Was this when you were "flooded-in"?
 
My roommates and I stole on of those big stand-up ashtray/garbage can things from outside the dorms when we lived off campus. Of course, it was tied down with wire when we tried at first, so we had to go back to the house and get wire-cutters, then drive back and cut the wires. Then the damn thing wouldn't fit in the trunk, so we drove home with the trunk 80% open, hoping that it wouldn't fall out nor that we'd get pulled over. Was worth it to have that outside the house for parties.

 
:lmao: This thread is hilarious.

When I was about 23-24, my best friend from college and I lived next door to each other in an apartment complex. We became friends with a guy in the building across from us. (Incidentally this guy was from New Zealand and his accent could charm anybody which comes into play)

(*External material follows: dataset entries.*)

(* Let $A,B\in S(2n,\mathbb{R})$, let $\{v_1,\dots,v_{2n}\}$ be a symplectic basis for $A$ and $\{w_1,\dots,w_{2n}\}$ a symplectic basis for $B$. If $v_i^TJv_j = w_i^TJw_j$ for all $1\le i<j\le 2n$ (equality of the ordered tuples of basis-values), then there exists $P\in\operatorname{Sp}(2n)$ with $A = P^TBP$.
   Context: $S(2n,\mathbb{R})$ is the set of invertible skew-symmetric real $2n\times2n$ matrices; $J$ is block-diagonal with $n$ blocks $J_0 = \begin{bmatrix} 0 & 1 \\ -1 & 0\end{bmatrix}$; $\operatorname{Sp}(2n) = \{P : P^TJP = J\}$. A basis $\{v_1,\dots,v_{2n}\}$ of $\mathbb{R}^{2n}$ is a symplectic basis for $A$ if $v_{2i-1}^TAv_{2i} = 1$ for $1\le i\le n$ and $v_i^TAv_j = 0$ for all $i<j$ with $(i,j)\neq(2k-1,2k)$ for every $k$. *)

theory Defs
  imports "Jordan_Normal_Form.Matrix"
begin

definition skew_inv :: "nat \<Rightarrow> real mat set" where
  "skew_inv n = {A. A \<in> carrier_mat (2*n) (2*n) \<and> transpose_mat A = - A \<and> invertible_mat A}"

text \<open>Standard symplectic matrix J: block diagonal with n blocks [[0,1],[-1,0]] (0-indexed entries).\<close>
definition J_mat :: "nat \<Rightarrow> real mat" where
  "J_mat n = mat (2*n) (2*n) (\<lambda>(i,j). if even i \<and> j = i + 1 then 1
                                      else if odd i \<and> i = j + 1 then -1 else 0)"

definition Sp :: "nat \<Rightarrow> real mat set" where
  "Sp n = {P. P \<in> carrier_mat (2*n) (2*n) \<and> transpose_mat P * J_mat n * P = J_mat n}"

definition bform :: "real vec \<Rightarrow> real mat \<Rightarrow> real vec \<Rightarrow> real" where
  "bform x A y = x \<bullet> (A *\<^sub>v y)"

definition is_basis :: "nat \<Rightarrow> (nat \<Rightarrow> real vec) \<Rightarrow> bool" where
  "is_basis n v \<longleftrightarrow>
     (\<forall>i\<in>{1..2*n}. v i \<in> carrier_vec (2*n)) \<and>
     (\<forall>c. finsum_vec TYPE(real) (2*n) (\<lambda>i. c i \<cdot>\<^sub>v v i) {1..2*n} = 0\<^sub>v (2*n)
            \<longrightarrow> (\<forall>i\<in>{1..2*n}. c i = 0)) \<and>
     (\<forall>x\<in>carrier_vec (2*n). \<exists>c. x = finsum_vec TYPE(real) (2*n) (\<lambda>i. c i \<cdot>\<^sub>v v i) {1..2*n})"

definition symplectic_basis :: "nat \<Rightarrow> real mat \<Rightarrow> (nat \<Rightarrow> real vec) \<Rightarrow> bool" where
  "symplectic_basis n A v \<longleftrightarrow>
     is_basis n v \<and>
     (\<forall>i\<in>{1..n}. bform (v (2*i - 1)) A (v (2*i)) = 1) \<and>
     (\<forall>i j. 1 \<le> i \<and> i < j \<and> j \<le> 2*n \<and> (\<forall>k. (i, j) \<noteq> (2*k - 1, 2*k))
            \<longrightarrow> bform (v i) A (v j) = 0)"

end

theory Submission
  imports Defs
begin

text \<open>Let V and W be the matrices whose columns are the v_i and the w_i. The symplectic-basis
  conditions say that V^T A V = J = W^T B W, and the hypothesis says that the skew-symmetric
  matrices V^T J V and W^T J W agree above the diagonal, hence are equal. So P = W V^-1
  satisfies P^T B P = V^-T J V^-1 = A and P^T J P = V^-T (V^T J V) V^-1 = J.\<close>

lemma skew_mat_eqI:
  fixes M N :: "'a :: {idom, ring_char_0} mat"
  assumes M: "M \<in> carrier_mat m m" and N: "N \<in> carrier_mat m m"
    and skew_M: "transpose_mat M = - M" and skew_N: "transpose_mat N = - N"
    and upper: "\<And>r c. r < c \<Longrightarrow> c < m \<Longrightarrow> M $$ (r, c) = N $$ (r, c)"
  shows "M = N"
proof (rule eq_matI)
  have skew_entry: "X $$ (r, c) = - X $$ (c, r)"
    if "X \<in> carrier_mat m m" "transpose_mat X = - X" "r < m" "c < m" for X :: "'a mat" and r c
    using that by (metis carrier_matD index_transpose_mat index_uminus_mat(1) minus_minus)
  fix r c assume "r < dim_row N" "c < dim_col N"
  then have r: "r < m" and c: "c < m" using N by auto
  consider "r < c" | "r = c" | "c < r" by linarith
  then show "M $$ (r, c) = N $$ (r, c)"
  proof cases
    case 1 then show ?thesis using upper c by blast
  next
    case 2 then show ?thesis
      using skew_entry[OF M skew_M r r] skew_entry[OF N skew_N r r] by simp
  next
    case 3 then show ?thesis
      using upper[OF 3 r] skew_entry[OF M skew_M r c] skew_entry[OF N skew_N r c] by simp
  qed
qed (use M N in auto)

lemma skew_congruence:
  fixes V A :: "'a :: comm_ring mat"
  assumes V: "V \<in> carrier_mat m m" and A: "A \<in> carrier_mat m m"
    and skew: "transpose_mat A = - A"
  shows "transpose_mat (transpose_mat V * A * V) = - (transpose_mat V * A * V)"
proof -
  have "transpose_mat (transpose_mat V * A * V) = transpose_mat V * transpose_mat A * V"
    using V A by (simp add: transpose_mult[of _ m m _ m] assoc_mult_mat[of _ m m _ m _ m])
  then show ?thesis using V A by (simp add: skew)
qed

lemma congruence_carrier:
  "V \<in> carrier_mat m m \<Longrightarrow> A \<in> carrier_mat m m \<Longrightarrow> transpose_mat V * A * V \<in> carrier_mat m m"
  by (meson mult_carrier_mat transpose_carrier_mat)

lemma congruence_entry:
  assumes V: "V \<in> carrier_mat m m" and A: "A \<in> carrier_mat m m" and "r < m" "c < m"
  shows "(transpose_mat V * A * V) $$ (r, c) = bform (col V r) A (col V c)"
proof -
  have "transpose_mat V * A * V = transpose_mat V * (A * V)"
    using V A by (intro assoc_mult_mat[of _ m m _ m _ m]) auto
  then show ?thesis using assms unfolding bform_def by (simp add: col_mult2[OF A V])
qed

lemma congruence_mult:
  fixes X Y M :: "'a :: comm_ring mat"
  assumes X: "X \<in> carrier_mat m m" and Y: "Y \<in> carrier_mat m m" and M: "M \<in> carrier_mat m m"
  shows "transpose_mat (X * Y) * M * (X * Y) = transpose_mat Y * (transpose_mat X * M * X) * Y"
  using X Y M by (simp add: transpose_mult[OF X Y] assoc_mult_mat[of _ m m _ m _ m])

lemma congruence_transfer:
  fixes V W V' A B :: "'a :: comm_ring_1 mat"
  assumes V: "V \<in> carrier_mat m m" and W: "W \<in> carrier_mat m m" and V': "V' \<in> carrier_mat m m"
    and A: "A \<in> carrier_mat m m" and B: "B \<in> carrier_mat m m"
    and right_inverse: "V * V' = 1\<^sub>m m"
    and same_gram: "transpose_mat V * A * V = transpose_mat W * B * W"
  shows "transpose_mat (W * V') * B * (W * V') = A"
proof -
  have "transpose_mat (W * V') * B * (W * V') = transpose_mat V' * (transpose_mat W * B * W) * V'"
    by (rule congruence_mult[OF W V' B])
  also have "\<dots> = transpose_mat (V * V') * A * (V * V')"
    by (simp only: congruence_mult[OF V V' A] same_gram)
  also have "\<dots> = A" using A by (simp add: right_inverse)
  finally show ?thesis .
qed

lemma J_mat_carrier: "J_mat n \<in> carrier_mat (2*n) (2*n)"
  unfolding J_mat_def by auto

lemma transpose_J_mat: "transpose_mat (J_mat n) = - J_mat n"
  unfolding J_mat_def by (intro eq_matI) auto

text \<open>Column c of basis_mat n v is v (c + 1), since bases are indexed from 1.\<close>
definition basis_mat :: "nat \<Rightarrow> (nat \<Rightarrow> real vec) \<Rightarrow> real mat" where
  "basis_mat n v = mat (2*n) (2*n) (\<lambda>(r, c). v (Suc c) $ r)"

lemma basis_mat_carrier: "basis_mat n v \<in> carrier_mat (2*n) (2*n)"
  unfolding basis_mat_def by auto

lemma basis_carrier_vec: "is_basis n v \<Longrightarrow> i \<in> {1..2*n} \<Longrightarrow> v i \<in> carrier_vec (2*n)"
  unfolding is_basis_def by auto

lemma col_basis_mat:
  assumes "is_basis n v" "c < 2*n"
  shows "col (basis_mat n v) c = v (Suc c)"
  using assms basis_carrier_vec[OF assms(1), of "Suc c"] unfolding basis_mat_def
  by (intro eq_vecI) auto

lemma finsum_eq_basis_mat_mult_vec:
  assumes v: "\<And>i. i \<in> {1..2*n} \<Longrightarrow> v i \<in> carrier_vec (2*n)"
  shows "finsum_vec TYPE(real) (2*n) (\<lambda>i. x i \<cdot>\<^sub>v v i) {1..2*n}
           = basis_mat n v *\<^sub>v vec (2*n) (\<lambda>j. x (Suc j))"
proof (rule eq_vecI)
  fix r assume "r < dim_vec (basis_mat n v *\<^sub>v vec (2*n) (\<lambda>j. x (Suc j)))"
  then have r: "r < 2*n" using basis_mat_carrier[of n v] by simp
  have dim_v: "dim_vec (v i) = 2*n" if "i \<in> {1..2*n}" for i
    using v[OF that] by simp
  have "finsum_vec TYPE(real) (2*n) (\<lambda>i. x i \<cdot>\<^sub>v v i) {1..2*n} $ r = (\<Sum>i\<in>{1..2*n}. x i * v i $ r)"
    using v r by (subst index_finsum_vec) (auto intro!: sum.cong simp: dim_v)
  also have "\<dots> = (\<Sum>j<2*n. x (Suc j) * v (Suc j) $ r)"
    using sum.atLeast1_atMost_eq by simp
  also have "\<dots> = (basis_mat n v *\<^sub>v vec (2*n) (\<lambda>j. x (Suc j))) $ r"
    using r unfolding basis_mat_def by (simp add: scalar_prod_def lessThan_atLeast0 mult.commute)
  finally show "finsum_vec TYPE(real) (2*n) (\<lambda>i. x i \<cdot>\<^sub>v v i) {1..2*n} $ r
      = (basis_mat n v *\<^sub>v vec (2*n) (\<lambda>j. x (Suc j))) $ r" .
next
  have "finsum_vec TYPE(real) (2*n) (\<lambda>i. x i \<cdot>\<^sub>v v i) {1..2*n} \<in> carrier_vec (2*n)"
    using v by (intro finsum_vec_closed) auto
  then show "dim_vec (finsum_vec TYPE(real) (2*n) (\<lambda>i. x i \<cdot>\<^sub>v v i) {1..2*n})
      = dim_vec (basis_mat n v *\<^sub>v vec (2*n) (\<lambda>j. x (Suc j)))"
    using basis_mat_carrier[of n v] by simp
qed

lemma basis_mat_right_inverse:
  assumes basis: "is_basis n v"
  obtains V' where "V' \<in> carrier_mat (2*n) (2*n)" and "basis_mat n v * V' = 1\<^sub>m (2*n)"
proof -
  have "\<forall>k. \<exists>x. k < 2*n \<longrightarrow>
          unit_vec (2*n) k = finsum_vec TYPE(real) (2*n) (\<lambda>i. x i \<cdot>\<^sub>v v i) {1..2*n}"
    using basis unfolding is_basis_def by (meson unit_vec_carrier)
  then obtain x where x: "\<And>k. k < 2*n \<Longrightarrow>
          unit_vec (2*n) k = finsum_vec TYPE(real) (2*n) (\<lambda>i. x k i \<cdot>\<^sub>v v i) {1..2*n}"
    by metis
  define V' where "V' = mat (2*n) (2*n) (\<lambda>(j, k). x k (Suc j))"
  have V': "V' \<in> carrier_mat (2*n) (2*n)" unfolding V'_def by simp
  have "basis_mat n v * V' = 1\<^sub>m (2*n)"
  proof (rule mat_col_eqI)
    fix k assume "k < dim_col (1\<^sub>m (2*n) :: real mat)"
    then have k: "k < 2*n" by simp
    have "col (basis_mat n v * V') k = basis_mat n v *\<^sub>v vec (2*n) (\<lambda>j. x k (Suc j))"
      using col_mult2[OF basis_mat_carrier V' k] k unfolding V'_def by simp
    also have "\<dots> = unit_vec (2*n) k"
      using x[OF k] finsum_eq_basis_mat_mult_vec basis_carrier_vec[OF basis] by metis
    finally show "col (basis_mat n v * V') k = col (1\<^sub>m (2*n)) k" using k by simp
  qed (use V' basis_mat_carrier[of n v] in auto)
  with V' that show ?thesis by blast
qed

lemma basis_mat_congruence_entry:
  assumes "is_basis n v" and "A \<in> carrier_mat (2*n) (2*n)" and "r < 2*n" "c < 2*n"
  shows "(transpose_mat (basis_mat n v) * A * basis_mat n v) $$ (r, c)
           = bform (v (Suc r)) A (v (Suc c))"
  using congruence_entry[OF basis_mat_carrier assms(2-4)] col_basis_mat[OF assms(1)] assms(3,4)
  by simp

lemma symplectic_basis_congruence_J:
  assumes A: "A \<in> skew_inv n" and symplectic: "symplectic_basis n A v"
  shows "transpose_mat (basis_mat n v) * A * basis_mat n v = J_mat n"
proof (rule skew_mat_eqI)
  have A_carrier: "A \<in> carrier_mat (2*n) (2*n)" and skew: "transpose_mat A = - A"
    using A unfolding skew_inv_def by auto
  have basis: "is_basis n v"
    and one: "\<And>i. i \<in> {1..n} \<Longrightarrow> bform (v (2*i - 1)) A (v (2*i)) = 1"
    and zero: "\<And>i j. 1 \<le> i \<Longrightarrow> i < j \<Longrightarrow> j \<le> 2*n \<Longrightarrow> (\<forall>k. (i, j) \<noteq> (2*k - 1, 2*k))
                 \<Longrightarrow> bform (v i) A (v j) = 0"
    using symplectic unfolding symplectic_basis_def by auto
  show "transpose_mat (basis_mat n v) * A * basis_mat n v \<in> carrier_mat (2*n) (2*n)"
    by (rule congruence_carrier[OF basis_mat_carrier A_carrier])
  show "transpose_mat (transpose_mat (basis_mat n v) * A * basis_mat n v)
      = - (transpose_mat (basis_mat n v) * A * basis_mat n v)"
    by (rule skew_congruence[OF basis_mat_carrier A_carrier skew])
  fix r c assume rc: "r < c" and c: "c < 2*n"
  have entry: "(transpose_mat (basis_mat n v) * A * basis_mat n v) $$ (r, c)
      = bform (v (Suc r)) A (v (Suc c))"
    using basis_mat_congruence_entry[OF basis A_carrier] rc c by simp
  show "(transpose_mat (basis_mat n v) * A * basis_mat n v) $$ (r, c) = J_mat n $$ (r, c)"
  proof (cases "even r \<and> c = r + 1")
    case True
    then obtain k where k: "r = 2*k" by blast
    have "Suc k \<in> {1..n}" using True k c by auto
    from one[OF this] have "bform (v (Suc r)) A (v (Suc c)) = 1" using True k by simp
    then show ?thesis using entry True k c unfolding J_mat_def by simp
  next
    case False
    have "(Suc r, Suc c) \<noteq> (2*k - 1, 2*k)" for k
      using False rc by (cases k) auto
    then have "bform (v (Suc r)) A (v (Suc c)) = 0" using zero[of "Suc r" "Suc c"] rc c by simp
    then show ?thesis using entry False rc c unfolding J_mat_def by simp
  qed
qed (simp_all add: J_mat_carrier transpose_J_mat)

lemma basis_mat_congruence_eqI:
  assumes v: "is_basis n v" and w: "is_basis n w"
    and M: "M \<in> carrier_mat (2*n) (2*n)" and skew: "transpose_mat M = - M"
    and same_values: "\<forall>i j. 1 \<le> i \<and> i < j \<and> j \<le> 2*n \<longrightarrow>
                               bform (v i) M (v j) = bform (w i) M (w j)"
  shows "transpose_mat (basis_mat n v) * M * basis_mat n v
           = transpose_mat (basis_mat n w) * M * basis_mat n w"
proof (rule skew_mat_eqI)
  fix r c assume "r < c" "c < 2*n"
  then show "(transpose_mat (basis_mat n v) * M * basis_mat n v) $$ (r, c)
      = (transpose_mat (basis_mat n w) * M * basis_mat n w) $$ (r, c)"
    using basis_mat_congruence_entry[OF v M] basis_mat_congruence_entry[OF w M] same_values
    by simp
qed (use congruence_carrier[OF basis_mat_carrier M] skew_congruence[OF basis_mat_carrier M skew]
     in auto)

theorem mainTheorem15:
  fixes n :: nat and A B :: "real mat" and v w :: "nat \<Rightarrow> real vec"
  assumes "A \<in> skew_inv n" and "B \<in> skew_inv n"
    and "symplectic_basis n A v" and "symplectic_basis n B w"
    and "\<forall>i j. 1 \<le> i \<and> i < j \<and> j \<le> 2*n \<longrightarrow>
           bform (v i) (J_mat n) (v j) = bform (w i) (J_mat n) (w j)"
  shows "\<exists>P \<in> Sp n. A = transpose_mat P * B * P"
proof -
  have A: "A \<in> carrier_mat (2*n) (2*n)" and B: "B \<in> carrier_mat (2*n) (2*n)"
    using assms(1,2) unfolding skew_inv_def by auto
  have v: "is_basis n v" and w: "is_basis n w"
    using assms(3,4) unfolding symplectic_basis_def by auto
  obtain V' where V': "V' \<in> carrier_mat (2*n) (2*n)" and inverse: "basis_mat n v * V' = 1\<^sub>m (2*n)"
    using basis_mat_right_inverse[OF v] .
  define P where "P = basis_mat n w * V'"
  have "transpose_mat (basis_mat n v) * A * basis_mat n v
      = transpose_mat (basis_mat n w) * B * basis_mat n w"
    using symplectic_basis_congruence_J[OF assms(1,3)] symplectic_basis_congruence_J[OF assms(2,4)]
    by simp
  then have "transpose_mat P * B * P = A"
    unfolding P_def by (rule congruence_transfer[OF basis_mat_carrier basis_mat_carrier V' A B inverse])
  moreover have "transpose_mat P * J_mat n * P = J_mat n"
    unfolding P_def
    by (rule congruence_transfer[OF basis_mat_carrier basis_mat_carrier V' J_mat_carrier J_mat_carrier
          inverse basis_mat_congruence_eqI[OF v w J_mat_carrier transpose_J_mat assms(5)]])
  moreover have "P \<in> carrier_mat (2*n) (2*n)"
    unfolding P_def using basis_mat_carrier V' by (rule mult_carrier_mat)
  ultimately show ?thesis unfolding Sp_def by auto
qed

end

Anyway, my buddy comes home one day with this big heavy spool of cable. Who knows where he stole it from or how he managed to get it in the trunk of his car. So we used it to run ziplines connecting each other balconies, a distance of maybe 35 feet.

Now, dismounting from the zipline was a little tricky. Let go too early and you missed the balcony and fell into the bushes. Let go too late and you slammed into the wall. But through trial and error we had it timed pretty good.

All was well until New Zealand's one-night-stand got high on pills and coke and got on the zipline, only to freak out midway through. She fell into the courtyard and had her fall broken by a rosebush and smacked her head on the ground. She's still high as #### and her face and arms are bleeding all over from the thorns and she starts screaming and acting all crazy, saying she's going to call the police and the apartment manager and all kinds of stuff, then gets in her car and leaves.

We're still laughing when the police come about an hour later with this girl in tow. New Zealand guy is innocent as a 50's sitcom and goes "Officer I have no idea who this is or why she decided to hang from my clothesline at 2 a.m., but she's clearly on some kind of drugs and I don't associate with people like that."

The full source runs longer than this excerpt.